Life in prison awaits a man who killed one teenager and abducted another before being arrested in a dramatic standoff in
Sturgeon Landing last year.
Jonas Budd, 45, pleaded guilty to second-degree murder and kidnapping in Court of Queen’s Bench in Prince Albert on Friday, June 24.
Budd had initially faced a first-degree murder charge for fatally shooting Dustin Bird, 17, at a home in Lac La Ronge, a northeastern Saskatchewan reserve, shortly after 3 am on February 18, 2015.
He pleaded guilty to second-degree murder and received a life sentence with no chance of parole for 14 years – 11 years shy of the maximum 25 years. The Canadian Press reported that Budd shot Bird twice in the chest. He used a rifle.
Budd received another five years in prison after pleading guilty to then kidnapping Bird’s girlfriend, Kayla Natomagan, who was 17 at the time. Budd was the former boyfriend of Natomagan’s mother, according to various media reports.

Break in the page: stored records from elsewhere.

lemma H_design_Union_steiner_system:
  assumes C: "steiner_system t k X C" and D: "\<And>b. b \<in> C \<Longrightarrow> H_design b g w t (D b)"
  shows "H_design X g w t (\<Union>b\<in>C. D b)"
proof -
  have D_transversal: "T \<in> transversal_sets w X g \<and> fst ` T \<subseteq> b" if "b \<in> C" "T \<in> D b" for b T
    using H_design_block_transversal[OF D steiner_system_block_subset[OF C]] that by blast
  have "\<exists>!T. T \<in> (\<Union>b\<in>C. D b) \<and> S \<subseteq> T"
    if S: "S \<subseteq> hpoints X g" "card S = t" "card (fst ` S) = t" for S
  proof -
    have "fst ` S \<subseteq> X" using S(1) by (auto simp: hpoints_def)
    then obtain b where b: "b \<in> C" "fst ` S \<subseteq> b"
      and b_unique: "\<And>b'. b' \<in> C \<Longrightarrow> fst ` S \<subseteq> b' \<Longrightarrow> b' = b"
      using steiner_system_ex1_block[OF C _ S(3)] by metis
    have "S \<subseteq> hpoints b g" using S(1) b(2) by (force simp: hpoints_def)
    then obtain T where T: "T \<in> D b" "S \<subseteq> T"
      and T_unique: "\<And>T'. T' \<in> D b \<Longrightarrow> S \<subseteq> T' \<Longrightarrow> T' = T"
      using H_design_ex1_block[OF D[OF b(1)] _ S(2,3)] by metis
    show ?thesis
    proof (rule ex1I)
      show "T \<in> (\<Union>b\<in>C. D b) \<and> S \<subseteq> T" using T b(1) by blast
    next
      fix T' assume "T' \<in> (\<Union>b\<in>C. D b) \<and> S \<subseteq> T'"
      then obtain b' where b': "b' \<in> C" "T' \<in> D b'" "S \<subseteq> T'" by blast
      then have "fst ` S \<subseteq> b'" using D_transversal[OF b'(1,2)] by blast
      then have "b' = b" using b_unique b'(1) by blast
      then show "T' = T" using T_unique b' by blast
    qed
  qed
  moreover have "(\<Union>b\<in>C. D b) \<subseteq> transversal_sets w X g" using D_transversal by blast
  ultimately show ?thesis by (simp add: H_design_def)
qed

lemma GS_Union_steiner_system:
  assumes C: "steiner_system t k X C" and X: "finite X" and "t \<le> w"
    and D: "\<And>b. b \<in> C \<Longrightarrow> GS t w b g (D b)"
  shows "GS t w X g (\<Union>b\<in>C. D b)"
proof -
  have H: "H_design b g w t (D b)" if "b \<in> C" for b
    using D[OF that] by (simp add: GS_def)
  have D_transversal: "T \<in> transversal_sets w X g \<and> fst ` T \<subseteq> b" if "b \<in> C" "T \<in> D b" for b T
    using H_design_block_transversal[OF H steiner_system_block_subset[OF C]] that by blast
  have far: "2 * (w - t) + 1 \<le> hamming X T1 T2"
    if b1: "b1 \<in> C" "T1 \<in> D b1" and b2: "b2 \<in> C" "T2 \<in> D b2" and "T1 \<noteq> T2" for b1 T1 b2 T2
  proof (cases "b1 = b2")
    case True
    then have "2 * (w - t) + 1 \<le> hamming b1 T1 T2"
      using D[OF b1(1)] that unfolding GS_def by blast
    also have "hamming b1 T1 T2 = hamming X T1 T2"
      using hamming_restrict[OF steiner_system_block_subset[OF C b1(1)]] True
        D_transversal[OF b1] D_transversal[OF b2] by simp
    finally show ?thesis .
  next
    case False
    have "card (fst ` T1 \<inter> fst ` T2) \<le> card (b1 \<inter> b2)"
      using D_transversal[OF b1] D_transversal[OF b2] finite_subset[OF _ X]
        steiner_system_block_subset[OF C b1(1)]
      by (intro card_mono) auto
    also have "\<dots> < t"
      by (rule steiner_system_card_Int_less[OF C b1(1) b2(1) False])
    finally show ?thesis
      using hamming_transversal_ge[OF X, of T1 w g T2] D_transversal[OF b1] D_transversal[OF b2]
        \<open>t \<le> w\<close> by linarith
  qed
  have "H_design X g w t (\<Union>b\<in>C. D b)"
    by (rule H_design_Union_steiner_system[OF C H])
  moreover have "\<forall>T1\<in>(\<Union>b\<in>C. D b). \<forall>T2\<in>(\<Union>b\<in>C. D b). T1 \<noteq> T2 \<longrightarrow> 2 * (w - t) + 1 \<le> hamming X T1 T2"
    using far by blast
  ultimately show ?thesis by (simp add: GS_def)
qed

lemma partition_on_transversal_sets_Union:
  assumes B: "steiner_system w k X B" and Pr: "partition_on B Pr"
    and L: "\<And>b. b \<in> B \<Longrightarrow> partition_on (transversal_sets w b g) (L b ` I)"
    and L_inj: "\<And>b. b \<in> B \<Longrightarrow> inj_on (L b) I"
  shows "partition_on (transversal_sets w X g) ((\<lambda>(C, i). \<Union>b\<in>C. L b i) ` (Pr \<times> I))"
proof (rule partition_onI)
  have class_sub: "C \<subseteq> B" if "C \<in> Pr" for C
    using Pr that by (auto simp: partition_on_def)
  have L_sub: "L b i \<subseteq> transversal_sets w b g" if "b \<in> B" "i \<in> I" for b i
    using partition_onD1[OF L[OF that(1)]] that(2) by blast
  show "\<Union> ((\<lambda>(C, i). \<Union>b\<in>C. L b i) ` (Pr \<times> I)) = transversal_sets w X g"
  proof
    show "\<Union> ((\<lambda>(C, i). \<Union>b\<in>C. L b i) ` (Pr \<times> I)) \<subseteq> transversal_sets w X g"
      using L_sub class_sub transversal_sets_subset_iff[OF steiner_system_block_subset[OF B]]
      by fastforce
    show "transversal_sets w X g \<subseteq> \<Union> ((\<lambda>(C, i). \<Union>b\<in>C. L b i) ` (Pr \<times> I))"
    proof
      fix T assume "T \<in> transversal_sets w X g"
      then obtain b where b: "b \<in> B" "T \<in> transversal_sets w b g"
        using transversal_sets_ex1_block[OF B] by metis
      obtain C where C: "C \<in> Pr" "b \<in> C"
        using partition_onD1[OF Pr] b(1) by blast
      obtain i where i: "i \<in> I" "T \<in> L b i"
        using partition_onD1[OF L[OF b(1)]] b(2) by blast
      show "T \<in> \<Union> ((\<lambda>(C, i). \<Union>b\<in>C. L b i) ` (Pr \<times> I))"
        using C i by blast
    qed
  qed
  show "disjnt p q"
    if p: "p \<in> (\<lambda>(C, i). \<Union>b\<in>C. L b i) ` (Pr \<times> I)" and q: "q \<in> (\<lambda>(C, i). \<Union>b\<in>C. L b i) ` (Pr \<times> I)"
      and "p \<noteq> q" for p q
  proof (rule ccontr)
    obtain C i where Ci: "C \<in> Pr" "i \<in> I" "p = (\<Union>b\<in>C. L b i)" using p by blast
    obtain C' i' where Ci': "C' \<in> Pr" "i' \<in> I" "q = (\<Union>b\<in>C'. L b i')" using q by blast
    assume "\<not> disjnt p q"
    then obtain T b b' where T: "b \<in> C" "T \<in> L b i" "b' \<in> C'" "T \<in> L b' i'"
      unfolding disjnt_def Ci(3) Ci'(3) by blast
    have bB: "b \<in> B" "b' \<in> B" using T class_sub Ci(1) Ci'(1) by auto
    have Tb: "T \<in> transversal_sets w b g" "T \<in> transversal_sets w b' g"
      using L_sub[OF bB(1) Ci(2)] L_sub[OF bB(2) Ci'(2)] T by blast+
    then have "T \<in> transversal_sets w X g"
      using transversal_sets_subset_iff[OF steiner_system_block_subset[OF B bB(1)]] by blast
    with Tb bB have "b = b'"
      using transversal_sets_ex1_block[OF B] by metis
    then have "C = C'" using partition_on_mem_eq[OF Pr Ci(1) Ci'(1)] T by blast
    moreover have "L b i = L b i'"
      using partition_on_mem_eq[OF L[OF bB(1)], of "L b i" "L b i'" T] Ci(2) Ci'(2) T \<open>b = b'\<close>
      by blast
    then have "i = i'" using inj_onD[OF L_inj[OF bB(1)]] Ci(2) Ci'(2) by blast
    ultimately show False using \<open>p \<noteq> q\<close> Ci Ci' by simp
  qed
  show "{} \<notin> (\<lambda>(C, i). \<Union>b\<in>C. L b i) ` (Pr \<times> I)"
  proof
    assume "{} \<in> (\<lambda>(C, i). \<Union>b\<in>C. L b i) ` (Pr \<times> I)"
    then obtain C i where Ci: "C \<in> Pr" "i \<in> I" "(\<Union>b\<in>C. L b i) = {}" by blast
    obtain b where "b \<in> C" using partition_onD3[OF Pr] Ci(1) by fastforce
    then have "L b i = {}" using Ci(3) by blast
    then show False
      using partition_onD3[OF L] class_sub Ci(1,2) \<open>b \<in> C\<close> by blast
  qed
qed

lemma LGS_Union_t_resolvable:
  assumes B: "t_resolvable t w k X B" and X: "finite X" and "t \<le> w"
    and L: "\<And>b. b \<in> B \<Longrightarrow> LGS t w b g (L b ` I)"
    and L_inj: "\<And>b. b \<in> B \<Longrightarrow> inj_on (L b) I"
  shows "\<exists>P. LGS t w X g P"
proof -
  have B_steiner: "steiner_system w k X B" using B by (simp add: t_resolvable_def)
  obtain Pr where Pr: "partition_on B Pr" and classes: "\<And>C. C \<in> Pr \<Longrightarrow> steiner_system t k X C"
    using B unfolding t_resolvable_def by blast
  have "partition_on (transversal_sets w X g) ((\<lambda>(C, i). \<Union>b\<in>C. L b i) ` (Pr \<times> I))"
    using partition_on_transversal_sets_Union[OF B_steiner Pr _ L_inj] L by (simp add: LGS_def)
  moreover have "GS t w X g (\<Union>b\<in>C. L b i)" if "C \<in> Pr" "i \<in> I" for C i
  proof (rule GS_Union_steiner_system[OF classes[OF that(1)] X \<open>t \<le> w\<close>])
    fix b assume "b \<in> C"
    then have "b \<in> B" using Pr that(1) by (auto simp: partition_on_def)
    then show "GS t w b g (L b i)" using L that(2) by (simp add: LGS_def)
  qed
  ultimately have "LGS t w X g ((\<lambda>(C, i). \<Union>b\<in>C. L b i) ` (Pr \<times> I))"
    by (auto simp: LGS_def)
  then show ?thesis ..
qed

theorem theorem3p2:
  fixes t w w' n g :: nat
  assumes "0 < t" "0 < w" "0 < w'" "0 < n" "0 < g"
    and "t \<le> w" "w \<le> w'"
    and "\<exists>(X::nat set) B. finite X \<and> card X = n \<and> t_resolvable t w w' X B"
    and "LGS_exists t w w' g"
  shows "LGS_exists t w n g"
proof -
  obtain X :: "nat set" and B where X: "finite X" "card X = n" and B: "t_resolvable t w w' X B"
    using assms(8) by blast
  obtain Y :: "nat set" and Q where Y: "finite Y" "card Y = w'" and Q: "LGS t w Y g Q"
    using assms(9) unfolding LGS_exists_def by blast
  have "\<exists>h. bij_betw h Y b" if "b \<in> B" for b
  proof -
    have "b \<subseteq> X" "card b = w'"
      using B that unfolding t_resolvable_def steiner_system_def by blast+
    then show ?thesis using finite_same_card_bij[OF Y(1)] finite_subset X(1) Y(2) by metis
  qed
  then obtain h where h: "\<And>b. b \<in> B \<Longrightarrow> bij_betw (h b) Y b" by metis
  have "\<exists>P. LGS t w X g P"
    using LGS_Union_t_resolvable[OF B X(1) \<open>t \<le> w\<close>, where L = "\<lambda>b. (`) ((`) (relabel (h b)))" and I = Q]
      LGS_relabel[OF h Q] inj_on_relabel_LGS[OF h Q] by blast
  then show ?thesis using X unfolding LGS_exists_def by blast
qed

end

Budd then fled Lac La Ronge with Natomagan by vehicle. He drove about 450 km before Mounties located the teenager “safe and sound” near Cranberry Portage.
But Budd had again fled, this time on foot into the bush. He managed to reach Sturgeon Landing, a tiny reserve 70 km southwest of Cranberry Portage. There, he holed himself up in a relative’s home.
After RCMP tracked him to the house, a standoff ensued. Budd was in the home for up to 20 hours before police took him into custody, they said, “without incident.”
Natomagan, who was at Budd’s sentencing, told the Canadian Press the 2015 incident has forever changed her.
“I’m not the same as I was. There are days where it’s hard to get out of bed,” she said.
Budd also received time in custody for breaking and entering, and for breaching his conditions. He was to immediately begin serving his sentences concurrently in an undisclosed federal prison.
CTV reported that Budd was agitated at the sentencing, kicking the gate to the prisoner’s box and, after learning his fate, putting his feet up on the box.
When given a chance to address the court, Budd said he wished he had pled not guilty so a trial could reveal everyone’s “lies and deceit and BS,” the Canadian Press reported.
Though Budd had familial connections to Sturgeon Landing, he was reportedly living in Thompson at the time of his arrest.